California's UCL restricts "any unlawful, unfair, or fraudulent business act or practice and unfair, deceptive, untrue, or misleading advertising." Cal. Bus. & Prof.Code § 17200. The UCL " 'borrows' violations from other laws by making them independently actionable as unfair competitive practices." Korea Supply Co. v. Lockhead Martin Corp., 29 Cal.4th 1134, 1143 (2003). However, "[w]hen specific legislation provides a 'safe harbor,' plaintiffs may not use the general unfair competition law to assault that harbor." Cal-Tech [sic] Commc'ns, Inc. v. L.A. Cellular Tel. Co., 20 Cal.4th 163, 182-83 (1999); Schnall v. Hertz Corp., 78 Cal.App. 4th 1144, 1154 (2000). Therefore, plaintiff cannot assert a UCL claim if a federal or state law legalizes defendant's practice. See Augustine v. FIA Card Servs., N.A., 485 F.Supp.2d 1172, 1176 (E.D.Cal.2007) (stating that federal or state law can provide a safe harbor).

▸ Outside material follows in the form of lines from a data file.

lemma set_deletion_pmf:
  assumes "g \<le> n"
  shows "set_pmf (deletion_pmf n g) = {D. D \<subseteq> {1..n} \<and> card D = g}"
proof -
  have "finite {D. D \<subseteq> {1..n} \<and> card D = g}"
    by (rule finite_subset[of _ "Pow {1..n}"]) auto
  moreover have "{D. D \<subseteq> {1..n} \<and> card D = g} \<noteq> {}"
    using obtain_subset_with_card_n[of g "{1..n}"] assms by auto
  ultimately show ?thesis
    unfolding deletion_pmf_def by (rule set_pmf_of_set[rotated])
qed

lemma power_div_fact_le_exp:
  fixes x :: real
  assumes "0 \<le> x"
  shows "x ^ m / fact m \<le> exp x"
proof -
  have "(\<lambda>n. x ^ n / fact n) sums exp x"
    using exp_converges[of x] by (simp add: divide_inverse_commute)
  moreover have "(\<Sum>n\<in>{m}. x ^ n / fact n) \<le> (\<Sum>n. x ^ n / fact n)"
    using calculation assms by (intro sum_le_suminf) (auto simp: sums_iff)
  ultimately show ?thesis
    by (simp add: sums_iff)
qed

lemma binomial_le_exp_power:
  assumes "1 \<le> m"
  shows "real (r choose m) \<le> (exp 1 * real r / real m) ^ m"
proof (cases "m \<le> r")
  case False
  then show ?thesis by (simp add: binomial_eq_0)
next
  case True
  have "real (r choose m) = real (fact r div fact (r - m)) / fact m"
    using binomial_fact[OF True]
    by (simp add: real_of_nat_div fact_dvd divide_divide_eq_left mult.commute)
  also have "\<dots> \<le> real r ^ m / fact m"
    using fact_div_fact_le_pow[OF True] by (intro divide_right_mono) (simp_all flip: of_nat_power)
  also have "\<dots> \<le> real r ^ m * (exp (real m) / real m ^ m)"
  proof -
    have "1 / fact m \<le> exp (real m) / real m ^ m"
      using power_div_fact_le_exp[of "real m" m] assms by (simp add: field_simps)
    then have "real r ^ m * (1 / fact m) \<le> real r ^ m * (exp (real m) / real m ^ m)"
      by (rule mult_left_mono) simp
    then show ?thesis
      by simp
  qed
  also have "\<dots> = (exp 1 * real r / real m) ^ m"
    by (simp add: power_divide power_mult_distrib exp_of_nat_mult[symmetric] mult.commute)
  finally show ?thesis .
qed
lemma DR_iso_interior_at_subset: "DR_iso_interior_at X D \<sigma> x \<subseteq> DR_isotropy_at X D \<sigma> x"
  unfolding DR_iso_interior_at_def by blast

lemma DR_iso_interior_atE:
  assumes "g \<in> DR_iso_interior_at X D \<sigma> x"
  obtains U m n V where "openin X U" "openin X V" "g \<in> DR_Z X D \<sigma> U m n V"
    "\<And>h. h \<in> DR_Z X D \<sigma> U m n V \<Longrightarrow> DR_s h \<in> orbit x \<Longrightarrow> DR_r h = DR_s h"
proof -
  define H where "H = DR_reduction X D \<sigma> (X closure_of orbit x)"
  obtain W where W: "DR_open X D \<sigma> W" "g \<in> W" "W \<inter> H \<subseteq> iso_bundle H"
    using assms unfolding DR_iso_interior_at_def Let_def H_def by blast
  then obtain U m n V where UV: "openin X U" "openin X V" "g \<in> DR_Z X D \<sigma> U m n V"
    "DR_Z X D \<sigma> U m n V \<subseteq> W"
    unfolding DR_open_def by blast
  have "DR_r h = DR_s h" if "h \<in> DR_Z X D \<sigma> U m n V" "DR_s h \<in> orbit x" for h
  proof -
    have "h \<in> W" "h \<in> DR_groupoid X D \<sigma>"
      using that(1) UV(4) W(1) unfolding DR_open_def by blast+
    moreover have "DR_s h \<in> X closure_of orbit x"
      using that(2) closure_of_subset[OF orbit_subset] by blast
    ultimately have "h \<in> iso_bundle H"
      using W(3) unfolding H_def DR_reduction_def by blast
    then show ?thesis unfolding iso_bundle_def by simp
  qed
  then show thesis using that UV(1-3) by blast
qed

lemma DR_iso_interior_atI:
  assumes g: "g \<in> DR_isotropy_at X D \<sigma> x" and UV: "openin X U" "openin X V" "g \<in> DR_Z X D \<sigma> U m n V"
    and iso: "\<And>h. h \<in> DR_Z X D \<sigma> U m n V \<Longrightarrow> DR_s h \<in> X closure_of orbit x \<Longrightarrow> DR_r h = DR_s h"
  shows "g \<in> DR_iso_interior_at X D \<sigma> x"
proof -
  define H where "H = DR_reduction X D \<sigma> (X closure_of orbit x)"
  obtain k where gk: "g = (x, k, x)" "g \<in> DR_groupoid X D \<sigma>"
    using g unfolding DR_isotropy_at_def DR_r_def DR_s_def by (cases g) auto
  have "x \<in> topspace X"
    using g by (rule DR_isotropy_atE) (use Dom_subset in blast)
  then have "x \<in> X closure_of orbit x"
    using closure_of_subset[OF orbit_subset] mem_orbit_self by blast
  then have "g \<in> H"
    using gk unfolding H_def DR_reduction_def DR_s_def by simp
  moreover have "DR_Z X D \<sigma> U m n V \<inter> H \<subseteq> iso_bundle H"
    using iso unfolding H_def DR_reduction_def iso_bundle_def by auto
  ultimately show ?thesis
    using g DR_open_Z[OF UV(1,2)] UV(3)
    unfolding DR_iso_interior_at_def Let_def H_def[symmetric] by blast
qed

lemma periodic_pt_if_funpow_eq:
  assumes "x \<in> Dom m" "x \<in> Dom n" "m \<noteq> n" "(\<sigma> ^^ m) x = (\<sigma> ^^ n) x"
  shows "periodic_pt X D \<sigma> x"
proof (cases "m < n")
  case True
  then show ?thesis unfolding periodic_pt_def using assms
    by (intro exI[of _ m] exI[of _ "n - m"]) auto
next
  case False
  then show ?thesis unfolding periodic_pt_def using assms
    by (intro exI[of _ n] exI[of _ "m - n"]) auto
qed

As discussed above, [T]ILA authorizes defendant's practice because defendant provides sufficient notice in its initial disclosures. Defendant's practice comes within the UCL's "safe harbor," thus negating plaintiff's ability to challenge the practice under the UCL. C[e]l-Tech Commc'ns, Inc., 20 Cal.4th at 182-83. Accordingly, the court must dismiss plaintiff's third cause of action.

Id. at *4-*5.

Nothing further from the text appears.